И Эйзен выжимает газ: даёт сотню интервью, и выступает на конференциях, и пишет статьи, и вещает с кафедры — о новом своём фильме, где наряду с “прямолинейным, принципиальным, решительным и непоколебимым руководителем”, “поэтом государственной мысли XVI века” Иваном Грозным “рельефно” будут показаны его враги, “полнокровные персонажи со страстями и чувствами”. Картина, мол, будет снята рекордно быстро и сдана к двадцатипятилетию советской власти. Он грызёт материал, выискивая зёрна для выращивания “гиганта из славного прошлого” и сплёвывая в сторону ненужное (тиранию, извращения, массовые зверства, террор). Строчит Жданову, скрупулёзно проясняя заказ: какие именно деяния царя необходимо отразить в картине, политические связи с какими именно странами подчеркнуть; а также… а ещё… и вдобавок…
Вечерами же, возвращаясь на краткий сон в городскую квартиру или на дачу, со страхом ждёт ответа — вовсе не от занятого Жданова, а от того, кто общается нынче с Эйзеном еженощно, — от собственного сердца.
Кусок мышц размером с кулак и весом с яблоко. Шмат органики, пронзённый слабым электричеством. Это он теперь определяет мысли самого известного советского режиссёра.
Сердце пошаливало давно — кололо, ныло и застывало комом, будто схваченное тисками. А с тех пор, как принялся за “Грозного”, уже и не шалит — бунтует. Чуть что не по нему — бухает, едва из горла не выпрыгивая, и пинает рёбра, словно требуя чего-то. И увы, Эйзен знает, чего именно.

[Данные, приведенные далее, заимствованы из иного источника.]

(*
  Since N has finite length, its elements involve only finitely many terms, so sets of leading
  terms are finite and reduction by leading terms terminates. If \<xi> is an admissible choice over
  M, every element of N whose leading term is below LT(\<xi>) reduces to zero by elements of M, so
  it lies in M. Multiplying \<xi> by a monomial x^\<gamma>, \<gamma> \<noteq> 0, lowers its leading term, hence
  M + S\<xi> = M + K\<xi> and the quotient is K, the action being through the constant coefficient.
  Two admissible choices have the same leading term and differ, after scaling, by an element
  below it, which gives independence of the choice and, for reduced choices (no term in LT(M)),
  uniqueness up to a scalar. The leading terms increase since LT(\<xi>\<^sub>i) already lies in
  LT(N\<^sub>j\<^sub>-\<^sub>1) for i < j, and the chain stops because N has finite length.
*)

theory Submission
  imports Defs
begin

section \<open>Term orders and leading terms\<close>

lemma finite_has_greatest_wrt:
  assumes trans: "\<And>a b c. R a b \<Longrightarrow> R b c \<Longrightarrow> R a c"
    and total: "\<And>a b. a \<noteq> b \<Longrightarrow> R a b \<or> R b a"
    and "finite F" "F \<noteq> {}"
  shows "\<exists>a\<in>F. \<forall>b\<in>F. b = a \<or> R b a"
  using assms(3,4)
proof (induction F rule: finite_ne_induct)
  case (insert x F)
  then obtain a where a: "a \<in> F" "\<forall>b\<in>F. b = a \<or> R b a" by blast
  show ?case
  proof (cases "R a x")
    case True
    then have "\<forall>b\<in>insert x F. b = x \<or> R b x" using a trans[OF _ True] by auto
    then show ?thesis by blast
  next
    case False
    then have "x = a \<or> R x a" using total by blast
    then show ?thesis using a by blast
  qed
qed simp

lemma is_E_add_scale: "is_E a \<Longrightarrow> is_E b \<Longrightarrow> is_E (\<lambda>\<alpha>. a \<alpha> + c * b \<alpha>)"
  unfolding is_E_def by (rule finite_subset[of _ "{\<alpha>. a \<alpha> \<noteq> 0} \<union> {\<alpha>. b \<alpha> \<noteq> 0}"]) auto

locale term_ord =
  fixes ord :: "('v \<Rightarrow> nat) \<Rightarrow> ('v \<Rightarrow> nat) \<Rightarrow> bool"
  assumes term_order: "term_order ord"
begin

lemma ord_irrefl: "\<not> ord a a"
  using term_order unfolding term_order_def by blast

lemma ord_trans: "ord a b \<Longrightarrow> ord b c \<Longrightarrow> ord a c"
  using term_order unfolding term_order_def by blast

lemma ord_total: "a \<noteq> b \<Longrightarrow> ord a b \<or> ord b a"
  using term_order unfolding term_order_def by blast

lemma ord_zero_less: "a \<noteq> (\<lambda>_. 0) \<Longrightarrow> ord (\<lambda>_. 0) a"
  using term_order unfolding term_order_def by blast

lemma ord_add_right: "ord a b \<Longrightarrow> ord (\<lambda>v. a v + g v) (\<lambda>v. b v + g v)"
  using term_order unfolding term_order_def by blast

lemma ord_less_add:
  assumes "\<gamma> \<noteq> (\<lambda>_. 0)"
  shows "ord a (\<lambda>v. a v + \<gamma> v)"
proof -
  have "ord (\<lambda>v. 0 + a v) (\<lambda>v. \<gamma> v + a v)"
    using ord_add_right[of "\<lambda>_. 0" \<gamma> a] ord_zero_less[OF assms] by simp
  moreover have "(\<lambda>v. \<gamma> v + a v) = (\<lambda>v. a v + \<gamma> v)" by (rule ext) (rule add.commute)
  ultimately show ?thesis by simp
qed

lemma le_ord_iff_not_less: "le_ord ord a b \<longleftrightarrow> \<not> ord b a"
  unfolding le_ord_def using ord_trans ord_irrefl ord_total by blast

lemma le_ord_antisym: "le_ord ord a b \<Longrightarrow> le_ord ord b a \<Longrightarrow> a = b"
  unfolding le_ord_def using ord_trans ord_irrefl by blast

lemma le_ord_trans: "le_ord ord a b \<Longrightarrow> le_ord ord b c \<Longrightarrow> le_ord ord a c"
  unfolding le_ord_def using ord_trans by blast

lemma less_le_ord_trans: "ord a b \<Longrightarrow> le_ord ord b c \<Longrightarrow> ord a c"
  unfolding le_ord_def using ord_trans by blast

lemma ex_le_ord_greatest:
  assumes "finite F" "F \<noteq> {}"
  shows "\<exists>a\<in>F. \<forall>b\<in>F. le_ord ord b a"
  using finite_has_greatest_wrt[of ord, OF ord_trans ord_total assms]
  unfolding le_ord_def .

lemma ex_le_ord_least:
  assumes "finite F" "F \<noteq> {}"
  shows "\<exists>a\<in>F. \<forall>b\<in>F. le_ord ord a b"
proof -
  have "\<exists>a\<in>F. \<forall>b\<in>F. b = a \<or> ord a b"
  proof (rule finite_has_greatest_wrt[of "\<lambda>a b. ord b a", OF _ _ assms])
    show "ord b a \<Longrightarrow> ord c b \<Longrightarrow> ord c a" for a b c by (rule ord_trans)
    show "a \<noteq> b \<Longrightarrow> ord b a \<or> ord a b" for a b using ord_total by blast
  qed
  then show ?thesis unfolding le_ord_def by (metis (full_types))
qed

lemma LT_eqI:
  assumes "\<eta> a \<noteq> 0" "\<And>\<beta>. \<eta> \<beta> \<noteq> 0 \<Longrightarrow> le_ord ord \<beta> a"
  shows "LT ord \<eta> = a"
  unfolding LT_def using assms le_ord_antisym by (intro the_equality) blast+

lemma
  assumes "is_E \<eta>" "\<eta> \<noteq> (\<lambda>_. 0)"
  shows coeff_LT_nonzero: "\<eta> (LT ord \<eta>) \<noteq> 0"
    and le_ord_LT: "\<eta> \<beta> \<noteq> 0 \<Longrightarrow> le_ord ord \<beta> (LT ord \<eta>)"
proof -
  have "finite {\<alpha>. \<eta> \<alpha> \<noteq> 0}" "{\<alpha>. \<eta> \<alpha> \<noteq> 0} \<noteq> {}"
    using assms by (auto simp: is_E_def)
  from ex_le_ord_greatest[OF this]
  obtain a where a: "\<eta> a \<noteq> 0" "\<forall>\<beta>. \<eta> \<beta> \<noteq> 0 \<longrightarrow> le_ord ord \<beta> a"
    by blast
  then have "LT ord \<eta> = a" using LT_eqI by blast
  then show "\<eta> (LT ord \<eta>) \<noteq> 0" "\<eta> \<beta> \<noteq> 0 \<Longrightarrow> le_ord ord \<beta> (LT ord \<eta>)" using a by auto
qed

lemma LT_cancel_less:
  assumes "is_E a" "is_E b" "a \<noteq> (\<lambda>_. 0)" "b \<noteq> (\<lambda>_. 0)"
    and L: "LT ord a = L" "LT ord b = L"
    and nz: "(\<lambda>\<alpha>. a \<alpha> - (a L / b L) * b \<alpha>) \<noteq> (\<lambda>_. 0)"
  shows "ord (LT ord (\<lambda>\<alpha>. a \<alpha> - (a L / b L) * b \<alpha>)) L"
proof -
  let ?e = "\<lambda>\<alpha>. a \<alpha> - (a L / b L) * b \<alpha>"
  have bL: "b L \<noteq> 0" using coeff_LT_nonzero[OF assms(2,4)] L by simp
  have "is_E ?e" using is_E_add_scale[OF assms(1,2), of "- (a L / b L)"] by simp
  then have e_LT: "?e (LT ord ?e) \<noteq> 0" using coeff_LT_nonzero nz by blast
  then have "a (LT ord ?e) \<noteq> 0 \<or> b (LT ord ?e) \<noteq> 0" by auto
  then have "le_ord ord (LT ord ?e) L"
    using le_ord_LT[OF assms(1,3)] le_ord_LT[OF assms(2,4)] L by auto
  moreover have "LT ord ?e \<noteq> L" using e_LT bL by auto
  ultimately show ?thesis unfolding le_ord_def by blast
qed

end

section \<open>Submodules of \<open>E\<close>\<close>

lemma finite_shifted_support:
  assumes "is_E \<eta>"
  shows "finite {\<gamma>. \<eta> (\<lambda>v. \<beta> v + \<gamma> v) \<noteq> 0}"
proof -
  have "inj (\<lambda>(\<gamma>::'a \<Rightarrow> nat) v. \<beta> v + \<gamma> v)"
    by (auto simp: inj_def fun_eq_iff)
  moreover have "finite {\<alpha>. \<eta> \<alpha> \<noteq> 0}" using assms is_E_def by blast
  ultimately have "finite ((\<lambda>\<gamma> v. \<beta> v + \<gamma> v) -` {\<alpha>. \<eta> \<alpha> \<noteq> 0})"
    by (rule finite_vimageI[rotated])
  then show ?thesis by (simp add: vimage_def)
qed

lemma smult_E_eq_sum:
  assumes "finite G" "{\<gamma>. \<eta> (\<lambda>v. \<beta> v + \<gamma> v) \<noteq> 0} \<subseteq> G"
  shows "smult_E s \<eta> \<beta> = (\<Sum>\<gamma>\<in>G. s \<gamma> * \<eta> (\<lambda>v. \<beta> v + \<gamma> v))"
  unfolding smult_E_def by (rule sum.mono_neutral_left[OF assms]) auto

lemma smult_E_add:
  assumes "is_E a" "is_E b"
  shows "smult_E s (\<lambda>\<alpha>. a \<alpha> + b \<alpha>) = (\<lambda>\<beta>. smult_E s a \<beta> + smult_E s b \<beta>)"
proof
  fix \<beta>
  let ?G = "{\<gamma>. a (\<lambda>v. \<beta> v + \<gamma> v) \<noteq> 0} \<union> {\<gamma>. b (\<lambda>v. \<beta> v + \<gamma> v) \<noteq> 0}"
  have G: "finite ?G" using finite_shifted_support assms by blast
  have "smult_E s (\<lambda>\<alpha>. a \<alpha> + b \<alpha>) \<beta>
      = (\<Sum>\<gamma>\<in>?G. s \<gamma> * (a (\<lambda>v. \<beta> v + \<gamma> v) + b (\<lambda>v. \<beta> v + \<gamma> v)))"
    by (rule smult_E_eq_sum[OF G]) auto
  also have "\<dots> = (\<Sum>\<gamma>\<in>?G. s \<gamma> * a (\<lambda>v. \<beta> v + \<gamma> v)) + (\<Sum>\<gamma>\<in>?G. s \<gamma> * b (\<lambda>v. \<beta> v + \<gamma> v))"
    by (simp add: distrib_left sum.distrib)
  also have "\<dots> = smult_E s a \<beta> + smult_E s b \<beta>"
    by (simp add: smult_E_eq_sum[OF G])
  finally show "smult_E s (\<lambda>\<alpha>. a \<alpha> + b \<alpha>) \<beta> = smult_E s a \<beta> + smult_E s b \<beta>" .
qed

lemma smult_E_scale: "smult_E s (\<lambda>\<alpha>. c * a \<alpha>) = (\<lambda>\<beta>. c * smult_E s a \<beta>)"
proof (cases "c = 0")
  case False
  then have "\<And>\<beta>. {\<gamma>. c * a (\<lambda>v. \<beta> v + \<gamma> v) \<noteq> 0} = {\<gamma>. a (\<lambda>v. \<beta> v + \<gamma> v) \<noteq> 0}" by auto
  then show ?thesis unfolding smult_E_def by (simp add: sum_distrib_left mult.left_commute)
qed (simp add: smult_E_def)

lemma smult_E_add_left:
  "smult_E (\<lambda>\<gamma>. s1 \<gamma> + s2 \<gamma>) \<eta> = (\<lambda>\<beta>. smult_E s1 \<eta> \<beta> + smult_E s2 \<eta> \<beta>)"
  unfolding smult_E_def by (simp add: sum.distrib distrib_right)

lemma smult_E_const:
  assumes "is_E \<eta>"
  shows "smult_E (\<lambda>\<gamma>. if \<gamma> = (\<lambda>_. 0) then c else 0) \<eta> = (\<lambda>\<alpha>. c * \<eta> \<alpha>)"
proof
  fix \<beta>
  have "smult_E (\<lambda>\<gamma>. if \<gamma> = (\<lambda>_. 0) then c else 0) \<eta> \<beta>
     = (\<Sum>\<gamma>\<in>{\<gamma>. \<eta> (\<lambda>v. \<beta> v + \<gamma> v) \<noteq> 0}. if \<gamma> = (\<lambda>_. 0) then c * \<eta> \<beta> else 0)"
    unfolding smult_E_def by (rule sum.cong) auto
  also have "\<dots> = c * \<eta> \<beta>"
    using finite_shifted_support[OF assms] by (simp add: sum.delta')
  finally show "smult_E (\<lambda>\<gamma>. if \<gamma> = (\<lambda>_. 0) then c else 0) \<eta> \<beta> = c * \<eta> \<beta>" .
qed

lemma smult_E_zero: "smult_E (\<lambda>_. 0) \<eta> = (\<lambda>_. 0)"
  unfolding smult_E_def by simp

lemma smult_E_nonzeroD:
  assumes "smult_E s \<eta> \<beta> \<noteq> 0"
  shows "\<exists>\<gamma>. s \<gamma> \<noteq> 0 \<and> \<eta> (\<lambda>v. \<beta> v + \<gamma> v) \<noteq> 0"
  using sum.not_neutral_contains_not_neutral[OF assms[unfolded smult_E_def]] by auto

lemma submodule_is_E: "submodule M \<Longrightarrow> a \<in> M \<Longrightarrow> is_E a"
  unfolding submodule_def by blast

lemma submodule_zero: "submodule M \<Longrightarrow> (\<lambda>_. 0) \<in> M"
  unfolding submodule_def by blast

lemma submodule_add: "submodule M \<Longrightarrow> a \<in> M \<Longrightarrow> b \<in> M \<Longrightarrow> (\<lambda>\<alpha>. a \<alpha> + b \<alpha>) \<in> M"
  unfolding submodule_def by blast

lemma submodule_smult: "submodule M \<Longrightarrow> a \<in> M \<Longrightarrow> smult_E s a \<in> M"
  unfolding submodule_def by blast

lemma submodule_scale: "submodule M \<Longrightarrow> a \<in> M \<Longrightarrow> (\<lambda>\<alpha>. c * a \<alpha>) \<in> M"
  using submodule_smult[of M a "\<lambda>\<gamma>. if \<gamma> = (\<lambda>_. 0) then c else 0"]
  by (simp add: smult_E_const submodule_is_E)

lemma submodule_add_scale: "submodule M \<Longrightarrow> a \<in> M \<Longrightarrow> b \<in> M \<Longrightarrow> (\<lambda>\<alpha>. a \<alpha> + c * b \<alpha>) \<in> M"
  using submodule_add submodule_scale by blast

lemma submodule_diff_scale: "submodule M \<Longrightarrow> a \<in> M \<Longrightarrow> b \<in> M \<Longrightarrow> (\<lambda>\<alpha>. a \<alpha> - c * b \<alpha>) \<in> M"
  using submodule_add_scale[of M a b "- c"] by simp

lemma submodule_diff: "submodule M \<Longrightarrow> a \<in> M \<Longrightarrow> b \<in> M \<Longrightarrow> (\<lambda>\<alpha>. a \<alpha> - b \<alpha>) \<in> M"
  using submodule_diff_scale[of M a b 1] by simp

lemma submoduleI:
  assumes "M \<subseteq> Collect is_E" "(\<lambda>_. 0) \<in> M"
    and "\<And>a b. a \<in> M \<Longrightarrow> b \<in> M \<Longrightarrow> (\<lambda>\<alpha>. a \<alpha> + b \<alpha>) \<in> M"
    and "\<And>s a. a \<in> M \<Longrightarrow> smult_E s a \<in> M"
  shows "submodule M"
  using assms unfolding submodule_def by blast

lemma submodule_Inter:
  assumes sub: "\<And>M. M \<in> \<M> \<Longrightarrow> submodule M" and "M0 \<in> \<M>"
  shows "submodule (\<Inter>\<M>)"
proof (rule submoduleI)
  show "\<Inter>\<M> \<subseteq> Collect is_E" using submodule_is_E[OF sub[OF \<open>M0 \<in> \<M>\<close>]] \<open>M0 \<in> \<M>\<close> by blast
  show "(\<lambda>_. 0) \<in> \<Inter>\<M>" using sub submodule_zero by blast
  show "(\<lambda>\<alpha>. a \<alpha> + b \<alpha>) \<in> \<Inter>\<M>" if "a \<in> \<Inter>\<M>" "b \<in> \<Inter>\<M>" for a b
    using that sub submodule_add by blast
  show "smult_E s a \<in> \<Inter>\<M>" if "a \<in> \<Inter>\<M>" for s a
    using that sub submodule_smult by blast
qed

lemma
  assumes "submodule N" "A \<subseteq> N"
  shows submodule_gen_sub: "submodule (gen_sub A)"
    and gen_sub_subset: "gen_sub A \<subseteq> N"
proof -
  have N: "N \<in> {M. submodule M \<and> A \<subseteq> M}" using assms by blast
  then show "submodule (gen_sub A)" unfolding gen_sub_def by (rule submodule_Inter[rotated]) blast
  show "gen_sub A \<subseteq> N" unfolding gen_sub_def using N by blast
qed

Днём сделаешь было набросок царя-героя, солнцеликого да на фоне солнца, — ночью в глотке заколотится так, что схватишь карандаш и черкаешь того царя, горбоносого и пучеглазого, вороном хищным на чёрном коне по белому полю да по лесу из виселиц, — пока изнутри не отпустит.

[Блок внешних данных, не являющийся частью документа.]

lemma utility_diff_le_2:
  assumes "i \<in> {1..m}"
  shows "\<bar>int (utility (Vs i) N1) - int (utility (Vs i) N2)\<bar> \<le> 2"
proof -
  have "finite (Vs i)"
    using assms by (rule finite_agent_vertices)
  let ?d = "cover_diff N1 N2"
  have "int (utility (Vs i) N1) - int (utility (Vs i) N2) = (\<Sum>v\<in>Vs i - \<Union>P. ?d v)"
    using utility_diff_eq_sum_cover_diff[OF \<open>finite (Vs i)\<close>]
      sum.Int_Diff[OF \<open>finite (Vs i)\<close>, of ?d "\<Union>P"]
      sum_cover_diff_paired[OF partition balanced _ assms] finite_edges
    by (simp add: finite_subset)
  also have "\<bar>\<dots>\<bar> \<le> (\<Sum>v\<in>Vs i - \<Union>P. \<bar>?d v\<bar>)"
    by (rule sum_abs)
  also have "\<dots> = int (card {v \<in> Vs i - \<Union>P. ?d v \<noteq> 0})"
    using \<open>finite (Vs i)\<close> by (simp add: abs_cover_diff Int_def)
  also have "\<dots> \<le> 2"
    using card_unpaired_le_2[OF assms] by simp
  finally show ?thesis .
qed

end

lemma ex_maximal_balanced_pairing:
  assumes "graph V E" "agent_partition V m Vs" "matching E M1" "matching E M2"
  shows "\<exists>N1 N2 P. maximal_balanced_pairing V E m Vs M1 M2 N1 N2 P"
proof -
  define R where "R T \<longleftrightarrow> redistributes E M1 M2 (fst T) (fst (snd T)) \<and>
    balanced_pairs Vs m (fst T) (fst (snd T)) (snd (snd T))" for T
  have "R (M1, M2, {})"
    using assms(3,4) by (simp add: R_def redistributes_refl balanced_pairs_empty)
  moreover have "\<forall>T. R T \<longrightarrow> card (snd (snd T)) < card (Pow V) + 1"
    using balanced_pairs_subset_Pow[OF assms(2)] assms(1) unfolding R_def graph_def
    by (metis card_mono finite_Pow_iff less_Suc_eq_le Suc_eq_plus1)
  ultimately obtain T where "R T" "\<forall>T'. R T' \<longrightarrow> card (snd (snd T')) \<le> card (snd (snd T))"
    using ex_has_greatest_nat[of R _ "\<lambda>T. card (snd (snd T))"] by blast
  then have "maximal_balanced_pairing V E m Vs M1 M2 (fst T) (fst (snd T)) (snd (snd T))"
    using assms(1,2) unfolding maximal_balanced_pairing_def R_def by fastforce
  then show ?thesis
    by blast
qed
lemma dpath_sink_eq_last:
  assumes "dpath V E p" "y \<in> set p" "y \<in> Y"
  shows "y = last p"
proof -
  obtain i where i: "i < length p" "p ! i = y" using assms(2) by (auto simp: in_set_conv_nth)
  have "Suc i = length p"
  proof (rule ccontr)
    assume "Suc i \<noteq> length p"
    then have "(p ! i, p ! Suc i) \<in> E" using assms(1) i(1) unfolding dpath_def by simp
    then show False using no_edge_out_of_Y[OF assms(3)] i(2) by blast
  qed
  then show ?thesis using i by (metis diff_Suc_1 last_conv_nth list.size(3) nat.distinct(1))
qed

lemma AB_path_iff_dpath:
  assumes "S \<subseteq> X"
  shows "AB_path V E S Y p \<longleftrightarrow> dpath V E p \<and> hd p \<in> S \<and> last p \<in> Y"
proof
  assume p: "dpath V E p \<and> hd p \<in> S \<and> last p \<in> Y"
  then have "p \<noteq> []" "distinct p" unfolding dpath_def by auto
  have "v \<notin> S \<union> Y" if v: "v \<in> set (butlast (tl p))" for v
  proof -
    have "v \<in> set (tl p)" using v by (rule in_set_butlastD)
    moreover have "v \<in> set (butlast p)" using v by (cases p) auto
    moreover have "hd p \<notin> set (tl p)" "last p \<notin> set (butlast p)"
      using \<open>p \<noteq> []\<close> \<open>distinct p\<close>
      by (metis distinct.simps(2) list.collapse, metis append_butlast_last_id distinct_append
          disjoint_iff list.set_intros(1))
    ultimately show ?thesis
      using p assms dpath_source_eq_hd[of p v] dpath_sink_eq_last[of p v]
      by (auto dest: list.set_sel(2) in_set_butlastD)
  qed
  then show "AB_path V E S Y p" using p unfolding AB_path_def by blast
qed (auto simp: AB_path_def)

lemma joinable_iff_linkage:
  assumes "S \<subseteq> X"
  shows "joinable V E S Y \<longleftrightarrow> (\<exists>P. linkage V E S Y P)"
  unfolding joinable_def linkage_def AB_path_system_def init_verts_def
  using AB_path_iff_dpath[OF assms] by auto

lemma sources_sinks_del_verts: "sources_sinks (del_verts E U) X (Y - U)"
  by unfold_locales (auto simp: del_verts_def no_edge_into_X no_edge_out_of_Y)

Днём придумаешь сцену, как венчается герой на царство, в сиянии порфир и блеске осыпающих его золотых монет, — красиво же донельзя! — а ночью забарабанит в рёбра, хоть сознание теряй. И катаешь судорожно другую картину — как помазанник, глядя на им же повешенных бояр, орёт: “Мало! Ещё!” — и мягчеет в груди, и замолкает барабан.
Днём сочинишь слова, прекрасные до пафоса, о “сильной власти, дабы гнуть хребты тем, кто единству русской державы противится”, — а ночью воспротивится твой собственный миокард. И строчишь, едва поспевая за мыслью, поверх прежнего царского монолога уже новый, страдательный: “Спаси меня, Боже, ибо воды дошли до души моей. Я погряз в глубокой тине, и не на чем стать. Я изнемог от вопля, засохла гортань моя, истомились глаза…”
И Эйзен тоже — изнемог и истомился. При свете солнца мозг его работал отменно, складывая либретто из нужных слов и правильных образов. При свете луны мятежное сердце перечёркивало сделанную работу и вершило свою, бунтарскую. Мозг и сердце начали нешуточную борьбу в организме Эйзена, и он не знал, что с этим поделать.
Рассуждая медицински: абсурд и ересь абсолютная. Никак не может ком из мускулов и сосудов читать визуальные символы или судить о смыслах. А ведь — читает. А всё же — судит. Расскажи врачам — подымут на смех, кроме психиатров.